| EXERCISE |
For the listing below, report all lines that hold the word "pops".

| PROVIDED DATA |
text \<open>Seed names are strings of K blocks of m bits. The tree runs K + 2k rounds on a stack of
  blocks: in each round the left child pops the top block, while the right child is a complete
  tree of depth m whose leaves push every possible block; a leaf reads its name off the bottom
  K blocks. Unmanipulated, the strongest player seeded at x is promoted along the path that
  pushes the blocks of x one after another. A manipulation either pushes a wrong block or pops
  a correct one, and repairing it takes two extra rounds, so 2k spare rounds absorb k
  manipulations per path. The height is (K + 2k)(m + 1), about (1 + 1/m) log n + 2k(m + 1).\<close>

text \<open>A sufficient condition for the player seeded at x to win whenever it is strongest and
  every path contains at most c manipulated games: if the root game is manipulated, both
  subtrees have budget c - 1 and must be won; otherwise it suffices to win one of them.\<close>
fun robust_seed :: "bool list \<Rightarrow> nat \<Rightarrow> ttree \<Rightarrow> bool" where
  "robust_seed x c (Leaf y) \<longleftrightarrow> y = x"
| "robust_seed x 0 (Node l r) \<longleftrightarrow> robust_seed x 0 l \<or> robust_seed x 0 r"
| "robust_seed x (Suc c) (Node l r) \<longleftrightarrow>
     robust_seed x (Suc c) l \<and> robust_seed x c r \<or> robust_seed x c l \<and> robust_seed x (Suc c) r"

lemma robust_seed_SucD: "robust_seed x (Suc c) T \<Longrightarrow> robust_seed x c T"
proof (induction T arbitrary: c)
  case (Node l r)
  then show ?case by (cases c) auto
qed simp

lemma robust_seed_in_names: "robust_seed x c T \<Longrightarrow> x \<in> names T"
proof (induction T arbitrary: c)
  case (Node l r)
  then show ?case by (cases c) auto
qed simp

lemma robust_seed_NodeI1:
  "robust_seed x c l \<Longrightarrow> (c > 0 \<Longrightarrow> robust_seed x (c - 1) r) \<Longrightarrow> robust_seed x c (Node l r)"
  by (cases c) auto

lemma robust_seed_NodeI2:
  "robust_seed x c r \<Longrightarrow> (c > 0 \<Longrightarrow> robust_seed x (c - 1) l) \<Longrightarrow> robust_seed x c (Node l r)"
  by (cases c) auto

lemma robust_seed_NodeI:
  "robust_seed x c l \<Longrightarrow> robust_seed x c r \<Longrightarrow> robust_seed x c (Node l r)"
  by (cases c) (auto dest: robust_seed_SucD)

lemma conduct_in_players:
  assumes "winner_function N w" and "\<forall>y\<in>names T. occ y \<in> N"
  shows "conduct w occ M p T \<in> N"
  using assms(2)
proof (induction T arbitrary: p)
  case (Node l r)
  then have "conduct w occ M (p @ [False]) l \<in> N" "conduct w occ M (p @ [True]) r \<in> N"
    by auto
  moreover from this assms(1)
  have "w (conduct w occ M (p @ [False]) l) (conduct w occ M (p @ [True]) r) \<in> N"
    unfolding winner_function_def by metis
  ultimately show ?case by (simp add: Let_def)
qed simp

lemma conduct_eq_strongest:
  assumes w: "winner_function N w" and strongest: "strongest N w iw" and "occ x = iw"
  shows "\<forall>y\<in>names T. occ y \<in> N \<Longrightarrow> robust_seed x c T \<Longrightarrow> max_manip M p T \<le> c \<Longrightarrow>
    conduct w occ M p T = iw"
proof (induction T arbitrary: p c)
  case (Leaf y)
  with \<open>occ x = iw\<close> show ?case by simp
next
  case (Node l r)
  define i where "i = conduct w occ M (p @ [False]) l"
  define j where "j = conduct w occ M (p @ [True]) r"
  have "i \<in> N" "j \<in> N"
    using Node.prems(1) conduct_in_players[OF w] unfolding i_def j_def by auto
  then have promote: "w i j = iw" if "i = iw \<or> j = iw"
    using that strongest unfolding strongest_def by auto
  have node: "conduct w occ M p (Node l r) = (if p \<in> M then (if w i j = i then j else i) else w i j)"
    by (simp add: i_def j_def Let_def)
  show ?case
  proof (cases "p \<in> M")
    case True
    with Node.prems(3) obtain c' where c': "c = Suc c'"
      and "max_manip M (p @ [False]) l \<le> c'" "max_manip M (p @ [True]) r \<le> c'"
      by (cases c) auto
    moreover have "robust_seed x c' l" "robust_seed x c' r"
      using Node.prems(2) unfolding c' by (auto dest: robust_seed_SucD)
    ultimately have "i = iw" "j = iw"
      using Node.IH Node.prems(1) unfolding i_def j_def by auto
    with node True show ?thesis by (simp del: conduct.simps)
  next
    case False
    with Node.prems(3) have "max_manip M (p @ [False]) l \<le> c" "max_manip M (p @ [True]) r \<le> c"
      by auto
    moreover have "robust_seed x c l \<or> robust_seed x c r"
      using Node.prems(2) by (cases c) auto
    ultimately have "i = iw \<or> j = iw"
      using Node.IH Node.prems(1) unfolding i_def j_def by auto
    with node False promote show ?thesis by (simp del: conduct.simps)
  qed
qed

lemma robust_if_robust_seeds:
  assumes "\<And>x. x \<in> names T \<Longrightarrow> robust_seed x k T"
  shows "robust n k T"
  unfolding robust_def
proof (intro allI impI, elim conjE)
  fix N w iw \<sigma> M
  assume w: "winner_function N w" and strongest: "strongest N w iw"
    and \<sigma>: "bij_betw \<sigma> N (names T)" and "max_manip M [] T \<le> k"
  have "iw \<in> N" using strongest unfolding strongest_def by simp
  then have "\<sigma> iw \<in> names T" "inv_into N \<sigma> (\<sigma> iw) = iw"
    using \<sigma> by (auto simp: bij_betw_def)
  moreover have "\<forall>y\<in>names T. inv_into N \<sigma> y \<in> N"
    using \<sigma> by (auto simp: bij_betw_def intro: inv_into_into)
  ultimately show "conduct w (inv_into N \<sigma>) M [] T = iw"
    using conduct_eq_strongest[OF w strongest] assms \<open>max_manip M [] T \<le> k\<close> by blast
qed

lemma names_eq_if_robust_seeds:
  "names T \<subseteq> S \<Longrightarrow> (\<And>x. x \<in> S \<Longrightarrow> robust_seed x c T) \<Longrightarrow> names T = S"
  using robust_seed_in_names by blast

fun complete_tree :: "nat \<Rightarrow> (bool list \<Rightarrow> ttree) \<Rightarrow> ttree" where
  "complete_tree 0 F = F []"
| "complete_tree (Suc m) F =
     Node (complete_tree m (\<lambda>v. F (False # v))) (complete_tree m (\<lambda>v. F (True # v)))"

lemma names_complete_tree:
  "(\<And>v. length v = m \<Longrightarrow> names (F v) \<subseteq> A) \<Longrightarrow> names (complete_tree m F) \<subseteq> A"
  by (induction m arbitrary: F) auto

lemma height_complete_tree:
  "(\<And>v. length v = m \<Longrightarrow> height (F v) \<le> h) \<Longrightarrow> height (complete_tree m F) \<le> m + h"
  by (induction m arbitrary: F) auto

lemma robust_seed_complete_treeI:
  "(\<And>v. length v = m \<Longrightarrow> robust_seed x c (F v)) \<Longrightarrow> robust_seed x c (complete_tree m F)"
  by (induction m arbitrary: F) (auto intro: robust_seed_NodeI)

lemma robust_seed_complete_tree_path:
  "length u = m \<Longrightarrow> robust_seed x c (F u) \<Longrightarrow>
    (c > 0 \<Longrightarrow> \<forall>v. length v = m \<longrightarrow> robust_seed x (c - 1) (F v)) \<Longrightarrow>
    robust_seed x c (complete_tree m F)"
proof (induction m arbitrary: F u)
  case (Suc m)
  then obtain b u' where u: "u = b # u'" "length u' = m" by (cases u) auto
  have "robust_seed x c (complete_tree m (\<lambda>v. F (b # v)))"
    using Suc.IH[of u' "\<lambda>v. F (b # v)"] Suc.prems u by auto
  moreover have "robust_seed x (c - 1) (complete_tree m (\<lambda>v. F ((\<not> b) # v)))" if "c > 0"
    using Suc.prems that by (intro robust_seed_complete_treeI) auto
  ultimately show ?case
    by (cases b) (auto intro: robust_seed_NodeI1 robust_seed_NodeI2)
qed simp

definition decode_stack :: "nat \<Rightarrow> bool list set \<Rightarrow> bool list \<Rightarrow> bool list list \<Rightarrow> bool list" where
  "decode_stack K S s0 st = (let s = concat (take K st) in if s \<in> S then s else s0)"

text \<open>The stack is a list with its top at the end; r is the number of remaining rounds.\<close>
fun stack_tree ::
  "nat \<Rightarrow> nat \<Rightarrow> bool list set \<Rightarrow> bool list \<Rightarrow> nat \<Rightarrow> bool list list \<Rightarrow> ttree" where
  "stack_tree m K S s0 0 st = Leaf (decode_stack K S s0 st)"
| "stack_tree m K S s0 (Suc r) st =
     Node (stack_tree m K S s0 r (butlast st))
          (complete_tree m (\<lambda>v. stack_tree m K S s0 r (st @ [v])))"

lemma names_stack_tree: "s0 \<in> S \<Longrightarrow> names (stack_tree m K S s0 r st) \<subseteq> S"
proof (induction r arbitrary: st)
  case (Suc r)
  then have "names (complete_tree m (\<lambda>v. stack_tree m K S s0 r (st @ [v]))) \<subseteq> S"
    by (intro names_complete_tree)
  with Suc show ?case by simp
qed (simp add: decode_stack_def Let_def)

lemma height_stack_tree: "height (stack_tree m K S s0 r st) \<le> r * (m + 1)"
proof (induction r arbitrary: st)
  case (Suc r)
  have "height (complete_tree m (\<lambda>v. stack_tree m K S s0 r (st @ [v]))) \<le> m + r * (m + 1)"
    using Suc.IH by (rule height_complete_tree)
  with Suc.IH[of "butlast st"] show ?case by simp
qed simp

| ANSWER FOR THIS EXERCISE |
  blocks: in each round the left child pops the top block, while the right child is a complete
  pushes the blocks of x one after another. A manipulation either pushes a wrong block or pops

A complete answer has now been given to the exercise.